A new paragraph relating to coastal state rights to establish standards in special areas of the economic zone was negotiated and generally agreed. The text clarifies the procedure for establishing such standards and assigns a major role to the competent international organization (Intergovernmental Maritime Consultative Organization). . . .
U.S. Delegation Report, 3d U.N. Conference on the Law of the Sea, 5th Sess., Aug. 2-Sept. 17, 1976, pp. 15/16, Dept. of State File D/LOS. For the RSNT produced at the 4th Sess., see U.N. Doc. A/CONF.62/WP.8/Rev. 1/Part III, May 6, 1976, pp. 5-23.
Marine Vessel Pollution
On December 13, 1976, the U.S. Coast Guard issued revised regulations designed to reduce pollution from seagoing U.S. tank vessels engaged in foreign trade and foreign tank vessels carrying oil into U.S. waters. The new regulations constitute part 157 of title 33, Code of Federal Regulations, with an effective date of April 1, 1977, except for certain existing vessels. The regulations extend pollution prevention regulations previously in effect for U.S. tank vessels in domestic trade.
The revised rules require new and existing foreign vessels entering U.S. ports to meet the same design and equipment requirements as new and existing U.S. tank vessels, including provisions for segregated ballast on new tankers over 70,000 deadweight tons.

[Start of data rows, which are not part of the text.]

(* Let $(\mathfrak{h},[\;,\;],\langle\;,\;\rangle_{\mathfrak{h}})$ be a Lorentzian nilpotent Lie algebra whose center $\mathrm{Z}(\mathfrak{h})$ is nondegenerate and positive definite, with $\mathfrak{g}$, $[\;,\;]_{\mathfrak{g}}$, $\langle\;,\;\rangle_{\mathfrak{g}}$, $\langle\;,\;\rangle_z$, $\omega$, $\omega_u$, $\omega_u^*$, $S_x$, $J_u$ as in the context. Then the Ricci curvature $\mathrm{ric}_{\mathfrak{h}}$ of $\mathfrak{h}$ satisfies $\mathrm{ric}_{\mathfrak{h}}(u,v)=\mathrm{ric}_{\mathfrak{g}}(u,v)-\tfrac12\mathrm{tr}(\omega_u^*\circ\omega_v)$ for $u,v\in\mathfrak{g}$, $\mathrm{ric}_{\mathfrak{h}}(x,y)=-\tfrac14\mathrm{tr}(S_x\circ S_y)$ for $x,y\in\mathrm{Z}(\mathfrak{h})$, $\mathrm{ric}_{\mathfrak{h}}(u,x)=-\tfrac14\mathrm{tr}(J_u\circ S_x)$ for $x\in\mathrm{Z}(\mathfrak{h})$, $u\in\mathfrak{g}$, where $\mathrm{ric}_{\mathfrak{g}}$ is the Ricci curvature of $(\mathfrak{g},[\;,\;]_{\mathfrak{g}},\langle\;,\;\rangle_{\mathfrak{g}})$.
   Context: Setting: $\mathfrak{h}$ is a real finite-dimensional nilpotent Lie algebra with a Lorentzian inner product $\langle\;,\;\rangle_{\mathfrak{h}}$ (signature $(1,n-1)$) whose center $\mathrm{Z}(\mathfrak{h})$ is nondegenerate with positive definite restricted inner product $\langle\;,\;\rangle_z$. Put $\mathfrak{g}=\mathrm{Z}(\mathfrak{h})^\perp$ with restricted inner product $\langle\;,\;\rangle_{\mathfrak{g}}$. For $u,v\in\mathfrak{g}$ write $[u,v]=[u,v]_{\mathfrak{g}}+\omega(u,v)$ with $[u,v]_{\mathfrak{g}}\in\mathfrak{g}$, $\omega(u,v)\in\mathrm{Z}(\mathfrak{h})$; $(\mathfrak{g},[\;,\;]_{\mathfrak{g}})$ is a Lie algebra. For $u\in\mathfrak{g}$: $\omega_u:\mathfrak{g}\to\mathrm{Z}(\mathfrak{h})$, $v\mapsto\omega(u,v)$; $\omega_u^*:\mathrm{Z}(\mathfrak{h})\to\mathfrak{g}$ given by $\langle\omega_u^*(x),v\rangle_{\mathfrak{g}}=\langle\omega(u,v),x\rangle_z$; $\mathrm{ad}_u(v)=[u,v]_{\mathfrak{g}}$ with adjoint $\mathrm{ad}_u^*$ w.r.t. $\langle\;,\;\rangle_{\mathfrak{g}}$; $J_u:\mathfrak{g}\to\mathfrak{g}$, $J_u(v)=\mathrm{ad}_v^*(u)$. For $x\in\mathrm{Z}(\mathfrak{h})$, $S_x:\mathfrak{g}\to\mathfrak{g}$, $S_x(u)=\omega_u^*(x)$. Ricci curvature of a pseudo-Euclidean Lie algebra: Levi-Civita product $2\langle \mathrm{L}_uv,w\rangle=\langle[u,v],w\rangle+\langle[w,u],v\rangle+\langle[w,v],u\rangle$, curvature $K(u,v)=\mathrm{L}_{[u,v]}-[\mathrm{L}_u,\mathrm{L}_v]$, $\mathrm{ric}(u,v)=\mathrm{tr}(w\mapsto K(u,w)v)$. *)

theory Defs
  imports "HOL-Analysis.Analysis"
begin

(* The Euclidean inner product of 'a is used ONLY as an auxiliary device to compute traces
   (traces are basis independent); the pseudo-Euclidean metric is the separate form B. *)

definition onb :: "'a::euclidean_space set \<Rightarrow> 'a set \<Rightarrow> bool" where
  "onb V E \<longleftrightarrow> E \<subseteq> V \<and> pairwise orthogonal E \<and> (\<forall>e\<in>E. norm e = 1)
                \<and> independent E \<and> span E = V"

definition trace_on :: "'a::euclidean_space set \<Rightarrow> ('a \<Rightarrow> 'a) \<Rightarrow> real" where
  "trace_on V f = (\<Sum>e\<in>(SOME E. onb V E). f e \<bullet> e)"

definition lie_algebra :: "('a::real_vector \<Rightarrow> 'a \<Rightarrow> 'a) \<Rightarrow> bool" where
  "lie_algebra br \<longleftrightarrow> bilinear br \<and> (\<forall>x. br x x = 0)
     \<and> (\<forall>x y z. br x (br y z) + br y (br z x) + br z (br x y) = 0)"
lemma sum_sin_cos_double_sin_nonneg:
  assumes "1 \<le> m" "m + 2 < j"
  shows "0 \<le> (\<Sum>k=1..j-1. 2 * sin (real k * pi / real j) * cos (2 * (real k * pi / real j))
                           * sin (real (2 * m + 1) * (real k * pi / real j)))"
proof -
  define C where "C q = (\<Sum>k=1..j-1. cos (2 * real q * (real k * pi / real j)))" for q
  have pointwise: "2 * sin x * cos (2 * x) * sin (real (2 * m + 1) * x)
      = (cos (2 * real (m + 1) * x) + cos (2 * real (m - 1) * x)
         - cos (2 * real (m + 2) * x) - cos (2 * real m * x)) / 2" for x :: real
  proof -
    have "real (2 * m + 1) * x = 2 * real m * x + x" "2 * real (m + 1) * x = 2 * real m * x + 2 * x"
      "2 * real (m - 1) * x = 2 * real m * x - 2 * x" "2 * real (m + 2) * x = 2 * real m * x + 4 * x"
      using assms by (simp_all add: algebra_simps)
    then show ?thesis using sin_mul_cos_double_mul_sin[of x "2 * real m * x"] by simp
  qed
  have "(\<Sum>k=1..j-1. 2 * sin (real k * pi / real j) * cos (2 * (real k * pi / real j))
                           * sin (real (2 * m + 1) * (real k * pi / real j)))
      = (C (m + 1) + C (m - 1) - C (m + 2) - C m) / 2"
    unfolding pointwise C_def sum_divide_distrib[symmetric] sum_subtractf sum.distrib ..
  moreover have "C (m + 1) = -1" "C (m + 2) = -1" "C m = -1"
    unfolding C_def using assms by (intro sum_cos_even_multiple; simp)+
  moreover have "-1 \<le> C (m - 1)"
    unfolding C_def using assms by (intro sum_cos_even_multiple_ge) simp
  ultimately show ?thesis by simp
qed
(* Let $N=pq$ where $1<p\le q$ are primes (not necessarily distinct), with $N$ odd, let $M=(N-1)/2$, let $r$ be an integer with $0<r\le M$, and let $$L_0=\max\{k=p^{\ell}q^{m} : \ell,m\in\{0,1\},\ k\le r\}.$$ Then for every integer $L$ with $L_0\le L\le M$, the inverse problem $\mathrm{IP}(N,r,L)$ is uniquely solvable; that is, for any two distinct ${\tt x},{\tt y}\in\Omega(N,r)$ there is some $m\in\{1,\dots,L\}$ with $\tilde{x}_m\neq\tilde{y}_m$.
   Context: For a vector ${\tt v}=(v_1,\dots,v_N)$ of odd length $N>1$, its DFT coefficients are $\tilde{v}_m=\sum_{n=1}^N v_n e^{\mathrm{i}\xi m n}$ with $\xi=2\pi/N$. A vector is binary if its entries are $0$ or $1$; $\Omega(N,r)$ is the set of binary vectors of length $N$ with exactly $r$ ones. For $1\le L\le M$, two vectors ${\tt x},{\tt y}\in\Omega(N,r)$ are $L$-distinguishable if $\tilde{x}_m\neq\tilde{y}_m$ for some $m\in\{1,\dots,L\}$. The inverse problem $\mathrm{IP}(N,r,L)$ (recovering ${\tt x}\in\Omega(N,r)$ from $\tilde{x}_1,\dots,\tilde{x}_L$) is uniquely solvable if all pairs of distinct vectors in $\Omega(N,r)$ are $L$-distinguishable. *)

theory Defs
  imports "HOL-Analysis.Analysis" "HOL-Computational_Algebra.Primes"
begin

text \<open>Vectors of length N are functions on the index set {1..N}; binary vectors take
values 0/1 on {1..N} and (for uniqueness of representation) value 0 outside.\<close>

definition dft :: "nat \<Rightarrow> (nat \<Rightarrow> real) \<Rightarrow> nat \<Rightarrow> complex" where
  "dft N v m = (\<Sum>n=1..N. complex_of_real (v n) * exp (\<i> * complex_of_real (2 * pi / real N) * of_nat m * of_nat n))"

definition Omega :: "nat \<Rightarrow> nat \<Rightarrow> (nat \<Rightarrow> real) set" where
  "Omega N r = {v. (\<forall>n\<in>{1..N}. v n = 0 \<or> v n = 1) \<and> (\<forall>n. n \<notin> {1..N} \<longrightarrow> v n = 0)
                   \<and> card {n\<in>{1..N}. v n = 1} = r}"

definition L_distinguishable :: "nat \<Rightarrow> nat \<Rightarrow> (nat \<Rightarrow> real) \<Rightarrow> (nat \<Rightarrow> real) \<Rightarrow> bool" where
  "L_distinguishable N L x y = (\<exists>m\<in>{1..L}. dft N x m \<noteq> dft N y m)"

definition uniquely_solvable :: "nat \<Rightarrow> nat \<Rightarrow> nat \<Rightarrow> bool" where
  "uniquely_solvable N r L = (\<forall>x\<in>Omega N r. \<forall>y\<in>Omega N r. x \<noteq> y \<longrightarrow> L_distinguishable N L x y)"

end

theory Submission
  imports Defs "HOL-Computational_Algebra.Polynomial_Factorial" "HOL-Number_Theory.Cong"
begin

(* Let d = x - y, a {-1,0,1}-valued N-periodic vector with sum 0, and D(X) = \<Sum> d_n X^n.
   With \<zeta> = exp(2\<pi>i/N), agreement of the first L DFT coefficients says D(\<zeta>^m) = 0 for
   1 \<le> m \<le> L.  The roots of an integer polynomial among the roots of unity are closed under
   w \<mapsto> w^k for k coprime to the order of w (the irreducibility argument for cyclotomic
   polynomials), so L \<ge> L_0 forces D(\<zeta>^j) = 0 for j = 0, for all j coprime to N, and for all
   multiples j of p (of q) not divisible by N as soon as p \<le> r (q \<le> r).  Fourier inversion
   then finishes the proof: if q \<le> r, d = 0; if r < q and (p \<le> r or p = q), d is p-periodic,
   so it has at least q > r entries equal to 1; if r < p < q, the second differences
   d(n+s+t) - d(n+s) - d(n+t) + d(n) vanish for p | s and q | t, so by the Chinese remainder
   theorem d(n) = a(n mod p) + b(n mod q), and such a vector has at least p + q - 2 > 2r
   nonzero entries. *)

section \<open>Integer polynomials and the Frobenius congruence\<close>

definition ipoly :: "int poly \<Rightarrow> 'a::comm_ring_1 \<Rightarrow> 'a" where
  "ipoly P z = poly (map_poly of_int P) z"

The operating requirements for foreign vessels and U.S. vessels continue to differ. Regulations governing discharge of oily mixtures from U.S. vessels on the high seas were not applied to foreign ships on the high seas because of U.S. jurisdictional limits.
There is a segregated ballast requirement for new foreign and U.S. vessels, designed to reduce the number of oil spills from tanker collisions and groundings. A regulation for new vessels requires slop tanks for consolidating waste from tank washings, oil residues, and dirty ballast residues, and tanks for collecting oil residue.